Find the string "setminus" in the data, and copy out each line that has it.

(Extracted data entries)
>>
(* Let $L\in R[x][\partial]$ have order $r>0$ and let $k\in\mathbb{N}$ with $k\ge r$. Let $T$ be a desingularized operator for $L$ with $\deg_\partial(T)=k$. Then: (i) $\deg_x(\mathrm{lc}_\partial(T))=\min\{\deg_x(\mathrm{lc}_\partial(Q)): Q\in M_k(L)\setminus\{0\}\}$; (ii) $\partial^iT$ is a desingularized operator for $L$ for each $i\in\mathbb{N}$; (iii) writing $\mathrm{lc}_\partial(T)=ag$ with $a\in R$ and $g\in R[x]$ primitive, for every $F\in\mathrm{cont}(L)$ of order $j\ge k$, $\sigma^{j-k}(g)$ divides $\mathrm{lc}_\partial(F)$ in $R[x]$.
   Context: $R$ is a principal ideal domain with quotient field $Q_R$; $\sigma$ is an $R$-automorphism of $R[x]$ with $\sigma(x)=\gamma x+\tau$ ($\gamma$ a unit), $\delta$ an $R$-linear $\sigma$-derivation with $\deg\delta(x)\le1$; $R[x][\partial]$ is the Ore algebra with $\partial p=\sigma(p)\partial+\delta(p)$, inside $Q_R(x)[\partial]$. $\deg_\partial$, $\mathrm{lc}_\partial$: order and leading coefficient in $\partial$. Primitive polynomial: gcd of coefficients is $1$. $\mathrm{cont}(L)=Q_R(x)[\partial]L\cap R[x][\partial]$; $M_k(L)=\{P\in\mathrm{cont}(L):\deg_\partial P\le k\}$. For $p\in R[x]$ dividing $\mathrm{lc}_\partial(L)$: $p$ is removable from $L$ at order $k$ if there are $P\in Q_R(x)[\partial]$ of order $k$ and $w,v\in R[x]$ with $\gcd(p,w)=1$ such that $PL\in R[x][\partial]$ and $\sigma^{-k}(\mathrm{lc}_\partial(PL))=\frac{w}{vp}\mathrm{lc}_\partial(L)$; non-removable if not removable at any order. If $\mathrm{lc}_\partial(L)=c\,p_1^{e_1}\cdots p_m^{e_m}$ ($c\in R$, $p_i\in R[x]\setminus R$ irreducible, pairwise coprime), $T\in R[x][\partial]$ of order $k$ is desingularized for $L$ if $T\in\mathrm{cont}(L)$ and $\sigma^{r-k}(\mathrm{lc}_\partial(T))=\frac{a}{b\,p_1^{k_1}\cdots p_m^{k_m}}\mathrm{lc}_\partial(L)$ with $a,b\in R$, $b\neq0$, and $p_i^{d_i}$ non-removable from $L$ for all integers $d_i>k_i$. *)

theory Defs
  imports "HOL-Computational_Algebra.Polynomial_Factorial"
begin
<<
Your solution
(* Let $L\in R[x][\partial]$ have order $r>0$ and let $k\in\mathbb{N}$ with $k\ge r$. Let $T$ be a desingularized operator for $L$ with $\deg_\partial(T)=k$. Then: (i) $\deg_x(\mathrm{lc}_\partial(T))=\min\{\deg_x(\mathrm{lc}_\partial(Q)): Q\in M_k(L)\setminus\{0\}\}$; (ii) $\partial^iT$ is a desingularized operator for $L$ for each $i\in\mathbb{N}$; (iii) writing $\mathrm{lc}_\partial(T)=ag$ with $a\in R$ and $g\in R[x]$ primitive, for every $F\in\mathrm{cont}(L)$ of order $j\ge k$, $\sigma^{j-k}(g)$ divides $\mathrm{lc}_\partial(F)$ in $R[x]$.
   Context: $R$ is a principal ideal domain with quotient field $Q_R$; $\sigma$ is an $R$-automorphism of $R[x]$ with $\sigma(x)=\gamma x+\tau$ ($\gamma$ a unit), $\delta$ an $R$-linear $\sigma$-derivation with $\deg\delta(x)\le1$; $R[x][\partial]$ is the Ore algebra with $\partial p=\sigma(p)\partial+\delta(p)$, inside $Q_R(x)[\partial]$. $\deg_\partial$, $\mathrm{lc}_\partial$: order and leading coefficient in $\partial$. Primitive polynomial: gcd of coefficients is $1$. $\mathrm{cont}(L)=Q_R(x)[\partial]L\cap R[x][\partial]$; $M_k(L)=\{P\in\mathrm{cont}(L):\deg_\partial P\le k\}$. For $p\in R[x]$ dividing $\mathrm{lc}_\partial(L)$: $p$ is removable from $L$ at order $k$ if there are $P\in Q_R(x)[\partial]$ of order $k$ and $w,v\in R[x]$ with $\gcd(p,w)=1$ such that $PL\in R[x][\partial]$ and $\sigma^{-k}(\mathrm{lc}_\partial(PL))=\frac{w}{vp}\mathrm{lc}_\partial(L)$; non-removable if not removable at any order. If $\mathrm{lc}_\partial(L)=c\,p_1^{e_1}\cdots p_m^{e_m}$ ($c\in R$, $p_i\in R[x]\setminus R$ irreducible, pairwise coprime), $T\in R[x][\partial]$ of order $k$ is desingularized for $L$ if $T\in\mathrm{cont}(L)$ and $\sigma^{r-k}(\mathrm{lc}_\partial(T))=\frac{a}{b\,p_1^{k_1}\cdots p_m^{k_m}}\mathrm{lc}_\partial(L)$ with $a,b\in R$, $b\neq0$, and $p_i^{d_i}$ non-removable from $L$ for all integers $d_i>k_i$. *)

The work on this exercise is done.